» **Problem to work on**:
Every line below from the one containing "and \<open>B\<close> is \<open>d\<close>" through the one containing "non-empty set inside" must be transcribed exactly. Omit all lines outside that stretch.

Working data START

(* For every finite bipartite separated graph $(E,C)$, the canonical partial action $\theta^{(E,C)}\colon\mathbb F(E^1)\curvearrowright\Omega(E,C)$ is relatively strongly topologically free.
   Context: Separated graph $(E,C)$: $E=(E^0,E^1,r,s)$, $C=\bigsqcup_vC_v$ with $C_v$ a partition of $r^{-1}(v)$ into non-empty sets. Finite bipartite: $E$ finite, $E^0=E^{0,0}\sqcup E^{0,1}$, $s(E^1)=E^{0,1}$, $r(E^1)=E^{0,0}$. $\mathbb F$ = free group on $E^1$; for $\xi\subseteq\mathbb F$, $\alpha\in\xi$, $\xi_\alpha=\{\sigma\in E^1\sqcup(E^1)^{-1}:\sigma\alpha\in\xi\}$. $\Omega(E,C)$ is the set of $\xi\subseteq\mathbb F$ with $1\in\xi$, right-convex (if a reduced word $e_m^{\varepsilon_m}\cdots e_1^{\varepsilon_1}\in\xi$ then $e_k^{\varepsilon_k}\cdots e_1^{\varepsilon_1}\in\xi$ for all $k<m$), and such that for every $\alpha\in\xi$ either $\xi_\alpha=s^{-1}(v)$ for some $v\in E^{0,1}$ or $\xi_\alpha=\{e_X^{-1}:X\in C_v\}$ for some $v\in E^{0,0}$ and $e_X\in X$; topology from $\{0,1\}^{\mathbb F}$. $\theta^{(E,C)}$ has domains $\Omega(E,C)_\alpha=\{\xi:\alpha^{-1}\in\xi\}$ and $\theta_\alpha(\xi)=\xi\alpha^{-1}$. For a partial action $\theta\colon G\curvearrowright\Omega$ with $\Omega_g$ the domain of $\theta_{g^{-1}}$: $\mathrm{Stab}(x)=\{g:x\in\Omega_{g^{-1}},\theta_g(x)=x\}$; $\theta$ is topologically free in $x$ if for every $1\ne g\in\mathrm{Stab}(x)$ and open $U\ni x$ there is $y\in U$ with $g\notin\mathrm{Stab}(y)$; strongly topologically free in $x$ if for all $1\ne g_1,\dots,g_n\in\mathrm{Stab}(x)$ and open $U\ni x$ there is $y\in U$ with $g_1,\dots,g_n\notin\mathrm{Stab}(y)$; $\Omega^{\mathrm{TF}}$ is the set of points of topological freeness; $\theta$ is relatively strongly topologically free if it is strongly topologically free in every point of $\Omega^{\mathrm{TF}}$. *)

theory Defs
  imports "HOL-Analysis.Analysis"
begin

text \<open>A letter is a pair (e, True) standing for e, or (e, False) standing for e^-1.
  A word [x1, ..., xm] stands for the product x1 x2 ... xm (x1 leftmost).\<close>

type_synonym 'e letter = "'e \<times> bool"
type_synonym 'e word = "'e letter list"

definition linv :: "'e letter \<Rightarrow> 'e letter" where
  "linv x = (fst x, \<not> snd x)"

fun reduced :: "'e word \<Rightarrow> bool" where
  "reduced [] = True"
| "reduced [x] = True"
| "reduced (x # y # w) = (y \<noteq> linv x \<and> reduced (y # w))"

definition red_cons :: "'e letter \<Rightarrow> 'e word \<Rightarrow> 'e word" where
  "red_cons x w = (case w of [] \<Rightarrow> [x] | y # w' \<Rightarrow> (if y = linv x then w' else x # w))"

definition reduce :: "'e word \<Rightarrow> 'e word" where
  "reduce w = foldr red_cons w []"

definition wmult :: "'e word \<Rightarrow> 'e word \<Rightarrow> 'e word" where
  "wmult a b = reduce (a @ b)"

definition winv :: "'e word \<Rightarrow> 'e word" where
  "winv w = rev (map linv w)"

definition free_group :: "'e set \<Rightarrow> 'e word set" where
  "free_group E1 = {w. reduced w \<and> set (map fst w) \<subseteq> E1}"

definition letters :: "'e set \<Rightarrow> 'e letter set" where
  "letters E1 = E1 \<times> UNIV"

definition separated_graph ::
  "'v set \<Rightarrow> 'e set \<Rightarrow> ('e \<Rightarrow> 'v) \<Rightarrow> ('e \<Rightarrow> 'v) \<Rightarrow> ('v \<Rightarrow> 'e set set) \<Rightarrow> bool" where
  "separated_graph E0 E1 r s C \<longleftrightarrow>
     r ` E1 \<subseteq> E0 \<and> s ` E1 \<subseteq> E0 \<and>
     (\<forall>v. v \<notin> E0 \<longrightarrow> C v = {}) \<and>
     (\<forall>v\<in>E0. (\<forall>X\<in>C v. X \<noteq> {}) \<and> \<Union>(C v) = {e\<in>E1. r e = v} \<and>
        (\<forall>X\<in>C v. \<forall>Y\<in>C v. X \<noteq> Y \<longrightarrow> X \<inter> Y = {}))"

definition finite_bipartite_sep_graph ::
  "'v set \<Rightarrow> 'v set \<Rightarrow> 'v set \<Rightarrow> 'e set \<Rightarrow> ('e \<Rightarrow> 'v) \<Rightarrow> ('e \<Rightarrow> 'v) \<Rightarrow> ('v \<Rightarrow> 'e set set) \<Rightarrow> bool" where
  "finite_bipartite_sep_graph E0 E00 E01 E1 r s C \<longleftrightarrow>
     separated_graph E0 E1 r s C \<and> finite E0 \<and> finite E1 \<and>
     E0 = E00 \<union> E01 \<and> E00 \<inter> E01 = {} \<and> s ` E1 = E01 \<and> r ` E1 = E00"

definition local_config :: "'e set \<Rightarrow> 'e word set \<Rightarrow> 'e word \<Rightarrow> 'e letter set" where
  "local_config E1 \<xi> \<alpha> = {\<sigma> \<in> letters E1. wmult [\<sigma>] \<alpha> \<in> \<xi>}"

definition Omega ::
  "'v set \<Rightarrow> 'v set \<Rightarrow> 'e set \<Rightarrow> ('e \<Rightarrow> 'v) \<Rightarrow> ('e \<Rightarrow> 'v) \<Rightarrow> ('v \<Rightarrow> 'e set set) \<Rightarrow> 'e word set set" where
  "Omega E00 E01 E1 r s C = {\<xi>. \<xi> \<subseteq> free_group E1 \<and> [] \<in> \<xi> \<and>
     (\<forall>w\<in>\<xi>. \<forall>k. drop k w \<in> \<xi>) \<and>
     (\<forall>\<alpha>\<in>\<xi>. (\<exists>v\<in>E01. local_config E1 \<xi> \<alpha> = {(e, True) | e. e \<in> E1 \<and> s e = v}) \<or>
              (\<exists>v\<in>E00. \<exists>ch. (\<forall>X\<in>C v. ch X \<in> X) \<and>
                   local_config E1 \<xi> \<alpha> = (\<lambda>X. (ch X, False)) ` C v))}"

definition Omega_top ::
  "'v set \<Rightarrow> 'v set \<Rightarrow> 'e set \<Rightarrow> ('e \<Rightarrow> 'v) \<Rightarrow> ('e \<Rightarrow> 'v) \<Rightarrow> ('v \<Rightarrow> 'e set set) \<Rightarrow> 'e word set topology" where
  "Omega_top E00 E01 E1 r s C =
     pullback_topology (Omega E00 E01 E1 r s C) (\<lambda>\<xi>. restrict (\<lambda>w. w \<in> \<xi>) (free_group E1))
       (product_topology (\<lambda>_. discrete_topology (UNIV :: bool set)) (free_group E1))"

text \<open>theta_alpha has domain {xi. alpha in xi} (= Omega_{alpha^-1}) and sends xi to xi alpha^-1.\<close>
definition theta_dom ::
  "'v set \<Rightarrow> 'v set \<Rightarrow> 'e set \<Rightarrow> ('e \<Rightarrow> 'v) \<Rightarrow> ('e \<Rightarrow> 'v) \<Rightarrow> ('v \<Rightarrow> 'e set set) \<Rightarrow> 'e word \<Rightarrow> 'e word set set" where
  "theta_dom E00 E01 E1 r s C \<alpha> = {\<xi> \<in> Omega E00 E01 E1 r s C. \<alpha> \<in> \<xi>}"

definition theta :: "'e word \<Rightarrow> 'e word set \<Rightarrow> 'e word set" where
  "theta \<alpha> \<xi> = (\<lambda>\<beta>. wmult \<beta> (winv \<alpha>)) ` \<xi>"

text \<open>A partial action of the group with elements G and unit one on a space with topology T,
  given by maps act g with domain dm g (i.e. dm g is Omega_{g^-1}).\<close>

definition Stab :: "('g \<Rightarrow> 'x set) \<Rightarrow> ('g \<Rightarrow> 'x \<Rightarrow> 'x) \<Rightarrow> 'g set \<Rightarrow> 'x \<Rightarrow> 'g set" where
  "Stab dm act G x = {g \<in> G. x \<in> dm g \<and> act g x = x}"

definition top_free_at ::
  "'x topology \<Rightarrow> ('g \<Rightarrow> 'x set) \<Rightarrow> ('g \<Rightarrow> 'x \<Rightarrow> 'x) \<Rightarrow> 'g set \<Rightarrow> 'g \<Rightarrow> 'x \<Rightarrow> bool" where
  "top_free_at T dm act G one x \<longleftrightarrow>
     (\<forall>g \<in> Stab dm act G x. g \<noteq> one \<longrightarrow>
        (\<forall>U. openin T U \<and> x \<in> U \<longrightarrow> (\<exists>y\<in>U. g \<notin> Stab dm act G y)))"

definition strongly_top_free_at ::
  "'x topology \<Rightarrow> ('g \<Rightarrow> 'x set) \<Rightarrow> ('g \<Rightarrow> 'x \<Rightarrow> 'x) \<Rightarrow> 'g set \<Rightarrow> 'g \<Rightarrow> 'x \<Rightarrow> bool" where
  "strongly_top_free_at T dm act G one x \<longleftrightarrow>
     (\<forall>gs. finite gs \<and> gs \<subseteq> Stab dm act G x \<and> one \<notin> gs \<longrightarrow>
        (\<forall>U. openin T U \<and> x \<in> U \<longrightarrow> (\<exists>y\<in>U. gs \<inter> Stab dm act G y = {})))"

definition TF_points ::
  "'x topology \<Rightarrow> ('g \<Rightarrow> 'x set) \<Rightarrow> ('g \<Rightarrow> 'x \<Rightarrow> 'x) \<Rightarrow> 'g set \<Rightarrow> 'g \<Rightarrow> 'x set" where
  "TF_points T dm act G one = {x \<in> topspace T. top_free_at T dm act G one x}"

definition rel_strongly_top_free ::
  "'x topology \<Rightarrow> ('g \<Rightarrow> 'x set) \<Rightarrow> ('g \<Rightarrow> 'x \<Rightarrow> 'x) \<Rightarrow> 'g set \<Rightarrow> 'g \<Rightarrow> bool" where
  "rel_strongly_top_free T dm act G one \<longleftrightarrow>
     (\<forall>x \<in> TF_points T dm act G one. strongly_top_free_at T dm act G one x)"

end

theory Submission
  imports Defs
begin

text \<open>Let \<open>\<xi>\<close> be a point of topological freeness, \<open>g\<^sub>1, \<dots>, g\<^sub>n\<close> non-trivial elements
  fixing it, and \<open>U\<close> a neighbourhood of \<open>\<xi>\<close>. Shrink \<open>U\<close> to a cylinder that also prescribes
  membership of all words of length at most \<open>M > |g\<^sub>i|\<close>; topological freeness yields a point
  \<open>y \<noteq> \<xi>\<close> in it. If \<open>d\<close> is a shortest word on which \<open>y\<close> and \<open>\<xi>\<close> differ and \<open>B\<close> is \<open>d\<close>
  without its first letter, then the configuration \<open>y'\<close> which agrees with \<open>y\<close> on the cone of
  words ending in \<open>B\<close> and with \<open>\<xi>\<close> elsewhere is again in \<open>\<Omega>(E,C)\<close> and lies in the cylinder.
  No \<open>g\<^sub>i\<close> can fix \<open>y'\<close>: otherwise the symmetric difference of \<open>y'\<close> and \<open>\<xi>\<close> would be a
  non-empty set inside that cone, invariant under right multiplication by \<open>g\<^sub>i\<^sup>\<plusminus>\<^sup>1\<close>, and
  multiplying a shortest element of it by \<open>g\<^sub>i\<close> or \<open>g\<^sub>i\<^sup>-\<^sup>1\<close> would produce a shorter one,
  since \<open>|g\<^sub>i| < |B|\<close>.\<close>

subsection \<open>Reduced words\<close>

lemma linv_linv [simp]: "linv (linv x) = x"
  by (simp add: linv_def)

lemma linv_eq_iff: "linv x = y \<longleftrightarrow> x = linv y"
  by (auto simp: linv_def)

lemma reduced_Cons_iff: "reduced (x # w) \<longleftrightarrow> reduced w \<and> (w = [] \<or> hd w \<noteq> linv x)"
  by (cases w) auto

lemma reduced_append:
  "reduced (a @ b) \<longleftrightarrow> reduced a \<and> reduced b \<and> (a = [] \<or> b = [] \<or> hd b \<noteq> linv (last a))"
proof (induction a)
  case (Cons x a)
  then show ?case by (cases a; cases b) (auto simp: reduced_Cons_iff)
qed simp

lemma red_cons_cases: "red_cons x w = x # w \<or> (w \<noteq> [] \<and> red_cons x w = tl w)"
  by (cases w) (auto simp: red_cons_def)

lemma red_cons_reduced: "reduced (x # w) \<Longrightarrow> red_cons x w = x # w"
  by (cases w) (auto simp: red_cons_def)

lemma reduced_red_cons: "reduced w \<Longrightarrow> reduced (red_cons x w)"
  by (cases w) (auto simp: red_cons_def reduced_Cons_iff)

Working data END

» **Result of the exercise**:
  \<open>y \<noteq> \<xi>\<close> in it. If \<open>d\<close> is a shortest word on which \<open>y\<close> and \<open>\<xi>\<close> differ and \<open>B\<close> is \<open>d\<close>
  without its first letter, then the configuration \<open>y'\<close> which agrees with \<open>y\<close> on the cone of
  words ending in \<open>B\<close> and with \<open>\<xi>\<close> elsewhere is again in \<open>\<Omega>(E,C)\<close> and lies in the cylinder.
  No \<open>g\<^sub>i\<close> can fix \<open>y'\<close>: otherwise the symmetric difference of \<open>y'\<close> and \<open>\<xi>\<close> would be a
  non-empty set inside that cone, invariant under right multiplication by \<open>g\<^sub>i\<^sup>\<plusminus>\<^sup>1\<close>, and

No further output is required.